После того как автор сотворит свой особый повествовательный мир, слова неизбежно придут сами, причем именно те, которых требует данный мир. Так, стиль, использованный мною для «Имени розы», — это стиль средневековой хроники: точный, наивный, по необходимости упрощенный (смиренный монах в четырнадцатом веке не мог писать, как Джойс, или извлекать из глубин памяти мельчайшие подробности минувшего, как Пруст). Более того, поскольку я, предположительно, расшифровывал выполненный в девятнадцатом веке перевод средневекового манускрипта, латынь древних хроник являлась моей стилистической моделью лишь опосредованно; в значительно большей степени я ориентировался на стиль, которым пользовались переводчики старинных рукописей на современный язык.
В «Маятнике Фуко» смешано несколько стилей: выспренний, архаичный язык Алье, псевдо-д'аннунцианская фашистская риторика Арденти, разочарованный, иронично-литературный стиль секретных файлов Бельбо (подлинно постмодернистский в своем бесконечном использовании литературных цитат), рассчитанные на невзыскательный вкус тирады господина Гарамона и сквернословие трех безответственных фантазеров-редакторов, мешающих ученые аллюзии с дешевыми каламбурами. «Смена тональности» в романе — не просто результат использования разных стилей письма, она определена психологией персонажей и природой мира, в котором разворачивается действие.
Для «Острова накануне» решающим фактором стал культурный период. Он не только обусловил стиль повествования, но задал саму структуру непрерывного диалога между рассказчиком и героем, в котором читатель постоянно выступает в качестве свидетеля и соучастника диспута. Мне пришлось выбрать эту разновидность метанарратива, поскольку персонажи мои должны были говорить в стиле барокко, тогда как я, рассказчик, не мог себе этого позволить. Мне требовался многофункциональный рассказчик, умеющий менять тон повествования: иногда его раздражает чрезмерная велеречивость героев, порой он сам грешит тем же, а временами сдерживает их избыточную говорливость, извиняясь за нее перед читателем…
Итак, я успел продемонстрировать, что (1) отправной точкой создания моих романов была некая изначальная идея или образ и что (2) устройство нарративной вселенной, в которой разворачивается действие, определяет стиль произведения. Роман «Баудолино», мое четвертое литературное детище, успешно опроверг оба этих утверждения. Что касается его изначальной идеи: за два года я перебрал их изрядное количество, а избыток изначальных идей — явный признак того, что ни одна из них не может считаться изначальной.

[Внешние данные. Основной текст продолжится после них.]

lemma pers_laplacian_scaled:
  assumes "finite Xtp" and "Xt \<subseteq> Xtp" and "c \<noteq> 0"
    and up: "coboundary Xtp \<rho>' q = (\<lambda>f \<tau>. c * coboundary Xtp \<rho> q f \<tau>)"
    and down: "coboundary Xt \<rho>' (q - 1) = (\<lambda>f \<tau>. c * coboundary Xt \<rho> (q - 1) f \<tau>)"
  shows "pers_laplacian Xt Xtp \<rho>' q f = (\<lambda>s. c^2 * pers_laplacian Xt Xtp \<rho> q f s)"
proof -
  let ?C = "cochains Xt q" and ?E = "eth Xt Xtp \<rho> q"
  let ?d = "coboundary Xt \<rho> (q - 1)" and ?d' = "coboundary Xt \<rho>' (q - 1)"
  note adjoint_scaled = adjoint_on_scaled_operator[OF assms(1) subspace_cochains
      cochains_subset_supported_on[OF assms(2)] linear_eth[OF assms(1)]]
  note adjoint_linear = linear_adjoint_on[OF assms(1) subspace_cochains
      cochains_subset_supported_on[OF assms(2)] linear_eth[OF assms(1)]]
  have up_part: "adjoint_on Xtp ?C (eth Xt Xtp \<rho>' q) (eth Xt Xtp \<rho>' q f)
      = (\<lambda>s. c^2 * adjoint_on Xtp ?C ?E (?E f) s)"
    unfolding eth_scaled[OF assms(1,3) up] adjoint_scaled
    by (simp add: rfun_pair.linear_scale[OF adjoint_linear] power2_eq_square)
  have down_part: "?d' (adjoint_on Xtp (cochains Xt (q - 1)) ?d' f)
      = (\<lambda>s. c^2 * ?d (adjoint_on Xtp (cochains Xt (q - 1)) ?d f) s)"
    unfolding adjoint_coboundary_scaled[OF assms(1,2) down] unfolding down
    by (simp add: rfun_pair.linear_scale[OF linear_coboundary] power2_eq_square)
  show ?thesis
    unfolding pers_laplacian_def up_part down_part by (simp add: fun_eq_iff distrib_left)
qed

lemma eigenspace_on_scaled:
  assumes "\<And>f. L' f = (\<lambda>s. a * L f s)" and "a \<noteq> 0"
  shows "eigenspace_on V L' (a * \<mu>) = eigenspace_on V L \<mu>"
proof -
  have "L' f = (\<lambda>s. a * \<mu> * f s) \<longleftrightarrow> L f = (\<lambda>s. \<mu> * f s)" for f
  proof -
    have "L' f = (\<lambda>s. a * \<mu> * f s) \<longleftrightarrow> (\<forall>s. a * L f s = a * (\<mu> * f s))"
      by (simp only: assms(1) fun_eq_iff mult.assoc)
    then show ?thesis
      using assms(2) by (simp add: fun_eq_iff)
  qed
  then show ?thesis
    unfolding eigenspace_on_def by blast
qed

В какой-то миг я решил, что главным героем повествования должен быть мальчик из моего родного города Алессандрии, основанного в двенадцатом веке и осажденного войсками императора Фридриха Барбароссы. Дальше я придумал, что мой Баудолино — сын того самого легендарного Гальяудо, который спас город, обдурив Барбароссу при помощи хитроумного трюка, обмана, лжи, — а если желаете знать, какой именно, прочтите книгу.
«Баудолино» был прекрасной возможностью вернуться к моему любимому Средневековью, к моим личным корням, к моему преклонению перед умелыми подделками. Однако этого было маловато. Я не знал ни как начать, ни какой стиль повествования избрать, ни кем именно был мой настоящий герой.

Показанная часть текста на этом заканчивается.